▸ **WHAT THE TASK ASKS**
The number of lines containing the word "augmentation" is all you should give; count them in the records below.
- - -
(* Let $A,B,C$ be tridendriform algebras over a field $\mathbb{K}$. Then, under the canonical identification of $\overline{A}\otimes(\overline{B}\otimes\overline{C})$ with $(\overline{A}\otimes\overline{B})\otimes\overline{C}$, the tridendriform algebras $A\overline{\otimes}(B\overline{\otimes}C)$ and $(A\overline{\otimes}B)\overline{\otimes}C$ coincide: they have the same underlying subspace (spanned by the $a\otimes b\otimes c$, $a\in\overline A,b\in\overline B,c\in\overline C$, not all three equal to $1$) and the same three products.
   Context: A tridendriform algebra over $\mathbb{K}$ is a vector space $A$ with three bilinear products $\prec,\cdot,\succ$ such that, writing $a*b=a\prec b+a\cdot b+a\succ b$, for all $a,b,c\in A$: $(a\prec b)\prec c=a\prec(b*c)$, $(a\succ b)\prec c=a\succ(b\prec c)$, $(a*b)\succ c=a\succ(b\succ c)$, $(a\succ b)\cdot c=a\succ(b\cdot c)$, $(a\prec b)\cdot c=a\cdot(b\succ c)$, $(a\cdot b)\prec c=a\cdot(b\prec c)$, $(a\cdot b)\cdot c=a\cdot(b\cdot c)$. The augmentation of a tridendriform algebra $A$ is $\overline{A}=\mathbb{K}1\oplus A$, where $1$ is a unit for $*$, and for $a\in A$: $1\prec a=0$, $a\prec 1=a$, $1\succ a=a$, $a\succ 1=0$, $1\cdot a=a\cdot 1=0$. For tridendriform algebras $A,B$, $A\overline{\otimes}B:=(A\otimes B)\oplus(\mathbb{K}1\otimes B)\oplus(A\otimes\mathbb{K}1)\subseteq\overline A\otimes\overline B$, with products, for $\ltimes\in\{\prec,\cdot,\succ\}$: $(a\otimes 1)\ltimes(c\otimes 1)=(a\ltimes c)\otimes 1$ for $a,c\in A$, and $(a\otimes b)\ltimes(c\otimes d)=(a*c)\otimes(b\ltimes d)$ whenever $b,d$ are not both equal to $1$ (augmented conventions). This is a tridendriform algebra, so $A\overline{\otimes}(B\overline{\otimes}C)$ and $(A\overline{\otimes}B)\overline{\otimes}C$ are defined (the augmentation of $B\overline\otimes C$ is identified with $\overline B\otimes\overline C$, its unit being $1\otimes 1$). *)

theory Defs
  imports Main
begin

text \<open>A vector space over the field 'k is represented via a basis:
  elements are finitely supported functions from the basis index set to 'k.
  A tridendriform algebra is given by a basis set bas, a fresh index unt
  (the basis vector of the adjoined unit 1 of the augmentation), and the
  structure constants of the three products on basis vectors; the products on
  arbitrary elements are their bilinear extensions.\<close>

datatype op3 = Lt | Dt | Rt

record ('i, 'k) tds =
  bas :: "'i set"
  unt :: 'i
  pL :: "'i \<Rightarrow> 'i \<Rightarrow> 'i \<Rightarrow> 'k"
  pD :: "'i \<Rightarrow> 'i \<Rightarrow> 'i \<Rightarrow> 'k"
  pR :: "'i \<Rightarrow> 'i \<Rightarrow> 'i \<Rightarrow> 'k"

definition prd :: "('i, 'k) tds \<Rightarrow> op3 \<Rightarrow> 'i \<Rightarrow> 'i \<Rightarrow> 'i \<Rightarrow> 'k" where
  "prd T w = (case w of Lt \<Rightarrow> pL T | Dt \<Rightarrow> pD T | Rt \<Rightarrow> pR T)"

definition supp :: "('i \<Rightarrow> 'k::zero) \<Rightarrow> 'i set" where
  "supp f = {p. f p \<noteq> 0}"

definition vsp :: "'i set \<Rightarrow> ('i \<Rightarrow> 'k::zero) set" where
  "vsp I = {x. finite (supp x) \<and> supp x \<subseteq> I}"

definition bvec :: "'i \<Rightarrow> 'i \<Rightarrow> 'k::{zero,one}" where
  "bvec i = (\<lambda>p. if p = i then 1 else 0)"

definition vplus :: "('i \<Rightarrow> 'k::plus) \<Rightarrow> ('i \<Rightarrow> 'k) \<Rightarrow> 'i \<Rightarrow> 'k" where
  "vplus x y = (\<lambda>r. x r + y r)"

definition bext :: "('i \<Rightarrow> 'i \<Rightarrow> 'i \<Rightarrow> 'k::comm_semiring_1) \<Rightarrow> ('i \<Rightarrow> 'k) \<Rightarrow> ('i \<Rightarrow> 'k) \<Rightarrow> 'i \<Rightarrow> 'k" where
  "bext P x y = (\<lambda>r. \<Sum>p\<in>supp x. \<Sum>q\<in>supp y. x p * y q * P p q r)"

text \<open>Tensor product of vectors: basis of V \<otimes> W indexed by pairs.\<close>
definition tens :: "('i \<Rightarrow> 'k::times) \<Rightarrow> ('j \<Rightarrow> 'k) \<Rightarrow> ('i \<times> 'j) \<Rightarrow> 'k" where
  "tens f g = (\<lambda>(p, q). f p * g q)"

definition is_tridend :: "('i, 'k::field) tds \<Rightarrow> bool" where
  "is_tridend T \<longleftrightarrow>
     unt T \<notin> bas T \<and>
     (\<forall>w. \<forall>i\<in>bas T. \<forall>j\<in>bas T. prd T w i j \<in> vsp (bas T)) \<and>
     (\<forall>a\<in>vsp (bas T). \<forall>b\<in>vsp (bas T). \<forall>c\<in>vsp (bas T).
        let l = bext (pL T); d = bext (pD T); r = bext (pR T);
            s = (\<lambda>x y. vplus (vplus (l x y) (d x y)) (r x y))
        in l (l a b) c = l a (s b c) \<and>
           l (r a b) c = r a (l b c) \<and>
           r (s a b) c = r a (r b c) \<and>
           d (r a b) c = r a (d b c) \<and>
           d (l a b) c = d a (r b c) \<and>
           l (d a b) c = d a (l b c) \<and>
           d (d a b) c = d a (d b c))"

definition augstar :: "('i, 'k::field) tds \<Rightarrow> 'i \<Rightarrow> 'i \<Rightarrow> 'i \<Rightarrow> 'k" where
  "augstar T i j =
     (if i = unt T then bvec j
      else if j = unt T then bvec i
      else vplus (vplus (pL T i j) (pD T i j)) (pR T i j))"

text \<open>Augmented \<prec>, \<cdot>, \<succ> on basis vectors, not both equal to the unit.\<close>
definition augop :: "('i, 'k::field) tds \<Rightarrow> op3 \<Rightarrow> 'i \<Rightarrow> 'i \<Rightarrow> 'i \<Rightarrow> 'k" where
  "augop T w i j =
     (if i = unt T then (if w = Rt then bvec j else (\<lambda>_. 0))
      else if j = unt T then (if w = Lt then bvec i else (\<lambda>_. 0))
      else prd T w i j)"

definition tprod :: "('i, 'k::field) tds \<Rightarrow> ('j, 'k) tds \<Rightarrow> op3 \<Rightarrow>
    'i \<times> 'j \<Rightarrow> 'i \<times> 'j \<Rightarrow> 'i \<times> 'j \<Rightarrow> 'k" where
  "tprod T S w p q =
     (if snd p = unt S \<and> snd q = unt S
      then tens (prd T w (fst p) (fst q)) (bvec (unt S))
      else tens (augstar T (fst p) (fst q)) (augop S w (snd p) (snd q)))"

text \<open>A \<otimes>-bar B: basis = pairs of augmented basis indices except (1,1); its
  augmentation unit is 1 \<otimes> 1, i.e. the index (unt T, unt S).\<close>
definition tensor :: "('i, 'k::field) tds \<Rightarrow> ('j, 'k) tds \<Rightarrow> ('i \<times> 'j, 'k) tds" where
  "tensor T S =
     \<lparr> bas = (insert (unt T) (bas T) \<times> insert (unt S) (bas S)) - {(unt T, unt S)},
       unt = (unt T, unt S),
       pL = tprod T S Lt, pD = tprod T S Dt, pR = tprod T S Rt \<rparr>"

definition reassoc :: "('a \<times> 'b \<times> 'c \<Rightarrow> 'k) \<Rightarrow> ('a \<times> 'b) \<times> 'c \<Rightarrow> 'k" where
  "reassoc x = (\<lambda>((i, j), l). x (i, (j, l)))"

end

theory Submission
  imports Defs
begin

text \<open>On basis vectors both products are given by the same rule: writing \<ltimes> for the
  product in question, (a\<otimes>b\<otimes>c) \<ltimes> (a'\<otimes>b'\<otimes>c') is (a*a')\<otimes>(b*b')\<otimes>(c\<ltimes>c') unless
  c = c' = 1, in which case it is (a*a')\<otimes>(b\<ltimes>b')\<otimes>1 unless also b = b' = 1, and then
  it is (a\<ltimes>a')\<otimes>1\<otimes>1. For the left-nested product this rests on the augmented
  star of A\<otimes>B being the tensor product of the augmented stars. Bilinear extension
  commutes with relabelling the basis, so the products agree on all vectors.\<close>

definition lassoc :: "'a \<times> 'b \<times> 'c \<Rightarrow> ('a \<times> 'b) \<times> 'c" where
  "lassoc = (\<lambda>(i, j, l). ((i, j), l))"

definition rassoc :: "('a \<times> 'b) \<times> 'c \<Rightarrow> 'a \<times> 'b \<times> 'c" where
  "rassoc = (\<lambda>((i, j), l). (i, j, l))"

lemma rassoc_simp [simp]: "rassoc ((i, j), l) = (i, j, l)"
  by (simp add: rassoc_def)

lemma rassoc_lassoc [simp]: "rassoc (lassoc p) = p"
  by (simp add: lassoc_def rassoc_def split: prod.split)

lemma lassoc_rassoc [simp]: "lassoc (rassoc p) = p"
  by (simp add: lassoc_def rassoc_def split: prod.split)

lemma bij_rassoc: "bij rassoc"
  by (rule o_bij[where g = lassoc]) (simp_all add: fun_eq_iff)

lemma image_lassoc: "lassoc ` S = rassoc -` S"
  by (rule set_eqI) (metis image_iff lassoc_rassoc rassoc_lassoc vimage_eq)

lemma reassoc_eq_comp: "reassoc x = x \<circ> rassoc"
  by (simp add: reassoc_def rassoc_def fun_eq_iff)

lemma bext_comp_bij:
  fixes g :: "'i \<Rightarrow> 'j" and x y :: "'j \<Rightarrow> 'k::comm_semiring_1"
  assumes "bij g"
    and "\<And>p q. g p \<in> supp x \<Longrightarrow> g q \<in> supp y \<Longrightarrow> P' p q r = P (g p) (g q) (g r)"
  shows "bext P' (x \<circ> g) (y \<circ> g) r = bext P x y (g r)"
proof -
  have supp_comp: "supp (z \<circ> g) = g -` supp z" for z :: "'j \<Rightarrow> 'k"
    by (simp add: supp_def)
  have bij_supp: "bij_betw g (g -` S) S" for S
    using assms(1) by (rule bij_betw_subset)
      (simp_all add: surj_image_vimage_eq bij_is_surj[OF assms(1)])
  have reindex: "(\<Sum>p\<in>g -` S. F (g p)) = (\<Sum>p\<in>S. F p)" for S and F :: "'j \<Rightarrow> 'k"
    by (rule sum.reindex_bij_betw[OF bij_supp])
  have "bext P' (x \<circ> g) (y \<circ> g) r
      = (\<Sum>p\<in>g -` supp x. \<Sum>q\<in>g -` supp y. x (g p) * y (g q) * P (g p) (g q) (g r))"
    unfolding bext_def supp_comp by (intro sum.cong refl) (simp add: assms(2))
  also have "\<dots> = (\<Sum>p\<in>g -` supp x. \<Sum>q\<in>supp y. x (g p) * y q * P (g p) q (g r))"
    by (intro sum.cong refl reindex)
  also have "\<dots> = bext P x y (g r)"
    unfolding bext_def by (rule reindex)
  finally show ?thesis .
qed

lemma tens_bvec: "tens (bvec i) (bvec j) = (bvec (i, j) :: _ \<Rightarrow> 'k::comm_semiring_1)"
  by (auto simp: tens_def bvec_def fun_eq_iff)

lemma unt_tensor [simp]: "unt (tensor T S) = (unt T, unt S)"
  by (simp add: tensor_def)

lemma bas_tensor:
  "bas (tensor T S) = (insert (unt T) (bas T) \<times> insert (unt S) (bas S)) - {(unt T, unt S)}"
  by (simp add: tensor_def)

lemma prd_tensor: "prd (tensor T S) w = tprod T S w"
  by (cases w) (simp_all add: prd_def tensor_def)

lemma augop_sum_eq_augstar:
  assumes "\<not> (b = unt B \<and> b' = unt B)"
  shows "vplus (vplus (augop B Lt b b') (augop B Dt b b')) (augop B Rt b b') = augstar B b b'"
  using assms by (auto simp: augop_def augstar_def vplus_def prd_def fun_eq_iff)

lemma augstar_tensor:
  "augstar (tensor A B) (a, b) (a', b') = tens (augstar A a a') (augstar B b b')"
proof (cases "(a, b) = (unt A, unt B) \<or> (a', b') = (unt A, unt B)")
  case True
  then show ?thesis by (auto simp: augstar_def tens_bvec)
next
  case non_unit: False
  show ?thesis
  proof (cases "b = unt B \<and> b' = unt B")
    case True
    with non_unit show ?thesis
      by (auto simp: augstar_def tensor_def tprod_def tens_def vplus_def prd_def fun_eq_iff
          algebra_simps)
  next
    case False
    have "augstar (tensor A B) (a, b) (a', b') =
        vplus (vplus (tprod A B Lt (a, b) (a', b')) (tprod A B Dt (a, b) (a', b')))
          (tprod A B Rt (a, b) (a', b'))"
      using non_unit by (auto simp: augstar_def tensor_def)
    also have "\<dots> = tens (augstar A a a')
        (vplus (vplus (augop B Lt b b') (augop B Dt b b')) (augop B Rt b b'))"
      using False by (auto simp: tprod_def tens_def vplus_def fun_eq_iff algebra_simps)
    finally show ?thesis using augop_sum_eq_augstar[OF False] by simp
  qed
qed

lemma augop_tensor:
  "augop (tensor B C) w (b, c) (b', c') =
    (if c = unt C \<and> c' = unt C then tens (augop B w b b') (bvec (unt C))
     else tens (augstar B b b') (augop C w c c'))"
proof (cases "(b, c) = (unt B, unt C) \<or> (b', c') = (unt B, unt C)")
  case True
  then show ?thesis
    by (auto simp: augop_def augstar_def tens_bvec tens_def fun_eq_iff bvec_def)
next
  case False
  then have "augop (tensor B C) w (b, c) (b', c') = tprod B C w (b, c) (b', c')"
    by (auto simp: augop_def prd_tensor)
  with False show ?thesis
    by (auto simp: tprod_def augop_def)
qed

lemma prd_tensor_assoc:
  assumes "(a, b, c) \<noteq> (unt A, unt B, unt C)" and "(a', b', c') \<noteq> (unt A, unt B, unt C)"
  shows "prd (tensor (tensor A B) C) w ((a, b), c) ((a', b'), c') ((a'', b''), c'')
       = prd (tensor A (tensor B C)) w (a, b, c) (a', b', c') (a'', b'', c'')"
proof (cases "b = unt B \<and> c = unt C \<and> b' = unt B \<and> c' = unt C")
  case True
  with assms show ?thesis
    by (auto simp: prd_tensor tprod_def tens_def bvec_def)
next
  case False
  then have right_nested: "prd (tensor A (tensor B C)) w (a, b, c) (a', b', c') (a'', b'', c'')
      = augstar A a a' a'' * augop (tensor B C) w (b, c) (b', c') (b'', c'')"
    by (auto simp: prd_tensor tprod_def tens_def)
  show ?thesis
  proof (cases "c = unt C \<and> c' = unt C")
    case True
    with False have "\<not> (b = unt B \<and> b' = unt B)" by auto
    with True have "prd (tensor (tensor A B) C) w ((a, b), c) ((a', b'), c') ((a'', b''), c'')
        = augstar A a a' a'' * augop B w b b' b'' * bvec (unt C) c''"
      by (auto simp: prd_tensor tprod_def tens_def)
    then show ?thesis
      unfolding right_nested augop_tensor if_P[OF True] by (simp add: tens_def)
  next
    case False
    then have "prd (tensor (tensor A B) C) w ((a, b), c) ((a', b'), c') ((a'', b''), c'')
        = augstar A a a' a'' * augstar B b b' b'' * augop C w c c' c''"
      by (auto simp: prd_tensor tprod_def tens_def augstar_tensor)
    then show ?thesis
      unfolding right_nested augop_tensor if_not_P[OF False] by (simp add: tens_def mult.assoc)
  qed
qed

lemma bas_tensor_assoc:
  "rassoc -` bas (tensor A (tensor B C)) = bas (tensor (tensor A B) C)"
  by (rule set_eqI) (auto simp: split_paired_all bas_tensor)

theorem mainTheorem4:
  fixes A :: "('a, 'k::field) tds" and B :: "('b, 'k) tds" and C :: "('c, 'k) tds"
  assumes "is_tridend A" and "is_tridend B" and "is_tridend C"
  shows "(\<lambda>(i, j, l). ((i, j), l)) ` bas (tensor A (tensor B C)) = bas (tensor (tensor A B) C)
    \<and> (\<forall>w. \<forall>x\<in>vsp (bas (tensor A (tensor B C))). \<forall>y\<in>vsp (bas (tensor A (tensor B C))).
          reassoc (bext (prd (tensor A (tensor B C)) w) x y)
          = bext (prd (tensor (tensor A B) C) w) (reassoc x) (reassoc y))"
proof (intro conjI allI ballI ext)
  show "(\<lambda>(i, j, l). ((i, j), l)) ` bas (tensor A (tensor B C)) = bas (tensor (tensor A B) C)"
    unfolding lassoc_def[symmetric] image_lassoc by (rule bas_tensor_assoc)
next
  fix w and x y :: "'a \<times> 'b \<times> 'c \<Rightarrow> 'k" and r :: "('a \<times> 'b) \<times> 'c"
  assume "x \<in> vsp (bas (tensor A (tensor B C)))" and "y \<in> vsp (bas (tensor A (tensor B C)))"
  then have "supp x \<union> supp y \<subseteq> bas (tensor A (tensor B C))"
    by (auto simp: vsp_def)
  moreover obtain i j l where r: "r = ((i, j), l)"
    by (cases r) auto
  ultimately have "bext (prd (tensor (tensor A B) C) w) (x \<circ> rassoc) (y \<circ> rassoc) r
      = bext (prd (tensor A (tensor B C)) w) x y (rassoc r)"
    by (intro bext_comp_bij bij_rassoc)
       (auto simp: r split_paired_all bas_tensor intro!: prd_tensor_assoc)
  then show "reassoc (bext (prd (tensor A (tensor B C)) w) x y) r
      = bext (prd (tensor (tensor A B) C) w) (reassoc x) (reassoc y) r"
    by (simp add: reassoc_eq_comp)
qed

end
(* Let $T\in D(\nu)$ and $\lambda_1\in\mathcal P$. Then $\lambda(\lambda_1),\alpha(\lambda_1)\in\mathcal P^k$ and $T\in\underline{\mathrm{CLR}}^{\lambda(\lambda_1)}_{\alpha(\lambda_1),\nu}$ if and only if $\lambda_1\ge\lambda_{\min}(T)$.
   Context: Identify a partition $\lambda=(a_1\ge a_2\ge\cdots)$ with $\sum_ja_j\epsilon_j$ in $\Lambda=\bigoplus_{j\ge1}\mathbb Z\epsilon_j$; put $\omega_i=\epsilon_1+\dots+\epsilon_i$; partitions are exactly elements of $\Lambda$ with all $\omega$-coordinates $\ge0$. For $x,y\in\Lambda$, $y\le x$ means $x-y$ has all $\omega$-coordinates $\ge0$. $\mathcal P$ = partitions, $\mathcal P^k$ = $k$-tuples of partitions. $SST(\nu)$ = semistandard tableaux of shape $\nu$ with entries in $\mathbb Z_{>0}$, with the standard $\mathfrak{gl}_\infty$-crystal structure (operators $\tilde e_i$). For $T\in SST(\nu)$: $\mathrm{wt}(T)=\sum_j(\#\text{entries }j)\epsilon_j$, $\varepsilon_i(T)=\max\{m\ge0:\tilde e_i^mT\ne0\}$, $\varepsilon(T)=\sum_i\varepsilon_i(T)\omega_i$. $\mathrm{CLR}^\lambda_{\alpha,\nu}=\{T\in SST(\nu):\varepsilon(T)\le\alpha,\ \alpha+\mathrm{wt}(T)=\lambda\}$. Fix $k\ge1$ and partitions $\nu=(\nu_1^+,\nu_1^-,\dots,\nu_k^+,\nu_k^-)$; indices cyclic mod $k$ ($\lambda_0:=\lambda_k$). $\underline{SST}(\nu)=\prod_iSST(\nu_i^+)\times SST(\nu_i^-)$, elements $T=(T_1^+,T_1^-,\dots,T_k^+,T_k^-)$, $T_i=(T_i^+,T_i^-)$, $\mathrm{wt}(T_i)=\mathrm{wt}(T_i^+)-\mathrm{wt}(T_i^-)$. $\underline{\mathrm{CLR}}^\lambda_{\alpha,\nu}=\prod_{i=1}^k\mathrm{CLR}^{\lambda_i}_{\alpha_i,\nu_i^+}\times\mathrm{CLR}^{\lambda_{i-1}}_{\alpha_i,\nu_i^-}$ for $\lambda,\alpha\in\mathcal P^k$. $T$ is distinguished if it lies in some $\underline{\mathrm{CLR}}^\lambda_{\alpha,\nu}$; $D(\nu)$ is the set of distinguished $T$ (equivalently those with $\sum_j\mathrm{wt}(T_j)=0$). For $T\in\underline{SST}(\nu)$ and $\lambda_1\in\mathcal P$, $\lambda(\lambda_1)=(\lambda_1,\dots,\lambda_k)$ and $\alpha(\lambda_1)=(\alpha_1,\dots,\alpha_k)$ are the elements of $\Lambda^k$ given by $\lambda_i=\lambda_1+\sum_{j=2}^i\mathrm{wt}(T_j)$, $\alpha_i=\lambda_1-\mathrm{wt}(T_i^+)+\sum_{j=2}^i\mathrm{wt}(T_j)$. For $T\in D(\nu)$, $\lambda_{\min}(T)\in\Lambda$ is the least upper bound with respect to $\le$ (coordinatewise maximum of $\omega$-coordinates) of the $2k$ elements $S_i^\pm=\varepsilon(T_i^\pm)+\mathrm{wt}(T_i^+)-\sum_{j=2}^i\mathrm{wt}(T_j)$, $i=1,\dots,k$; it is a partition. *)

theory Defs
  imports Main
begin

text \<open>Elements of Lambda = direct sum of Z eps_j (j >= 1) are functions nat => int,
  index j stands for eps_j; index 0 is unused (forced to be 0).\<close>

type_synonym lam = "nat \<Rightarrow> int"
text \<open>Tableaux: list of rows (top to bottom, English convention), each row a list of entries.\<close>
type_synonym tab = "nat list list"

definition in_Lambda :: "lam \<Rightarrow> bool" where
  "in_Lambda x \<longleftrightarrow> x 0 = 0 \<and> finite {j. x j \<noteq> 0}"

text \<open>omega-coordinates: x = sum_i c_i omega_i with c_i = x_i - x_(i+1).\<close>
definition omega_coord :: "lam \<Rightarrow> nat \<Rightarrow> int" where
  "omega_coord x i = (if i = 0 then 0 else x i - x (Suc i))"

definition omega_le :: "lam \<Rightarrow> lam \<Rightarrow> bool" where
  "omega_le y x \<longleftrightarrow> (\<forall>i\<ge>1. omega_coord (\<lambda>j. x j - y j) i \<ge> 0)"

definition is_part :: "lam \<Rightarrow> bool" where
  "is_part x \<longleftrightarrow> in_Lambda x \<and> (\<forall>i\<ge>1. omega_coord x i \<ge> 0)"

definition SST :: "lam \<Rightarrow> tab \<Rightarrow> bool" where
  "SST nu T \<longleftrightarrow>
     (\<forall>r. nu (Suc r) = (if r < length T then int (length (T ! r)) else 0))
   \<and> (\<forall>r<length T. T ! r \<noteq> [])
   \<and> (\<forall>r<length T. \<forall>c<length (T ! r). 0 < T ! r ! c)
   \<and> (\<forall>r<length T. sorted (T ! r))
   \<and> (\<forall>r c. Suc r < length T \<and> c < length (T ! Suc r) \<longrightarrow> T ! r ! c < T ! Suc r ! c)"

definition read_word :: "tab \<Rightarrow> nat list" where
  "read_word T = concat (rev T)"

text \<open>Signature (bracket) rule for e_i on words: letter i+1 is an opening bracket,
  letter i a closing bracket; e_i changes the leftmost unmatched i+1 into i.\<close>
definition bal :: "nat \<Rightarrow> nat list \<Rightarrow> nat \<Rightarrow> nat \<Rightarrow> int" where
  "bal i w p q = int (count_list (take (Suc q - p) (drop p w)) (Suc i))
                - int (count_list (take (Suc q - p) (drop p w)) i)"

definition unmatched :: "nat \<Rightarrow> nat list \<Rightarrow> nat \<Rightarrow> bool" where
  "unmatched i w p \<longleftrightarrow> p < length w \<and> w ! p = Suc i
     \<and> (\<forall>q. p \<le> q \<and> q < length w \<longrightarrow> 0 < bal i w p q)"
- - -
▸ **WRITTEN RESPONSE**
3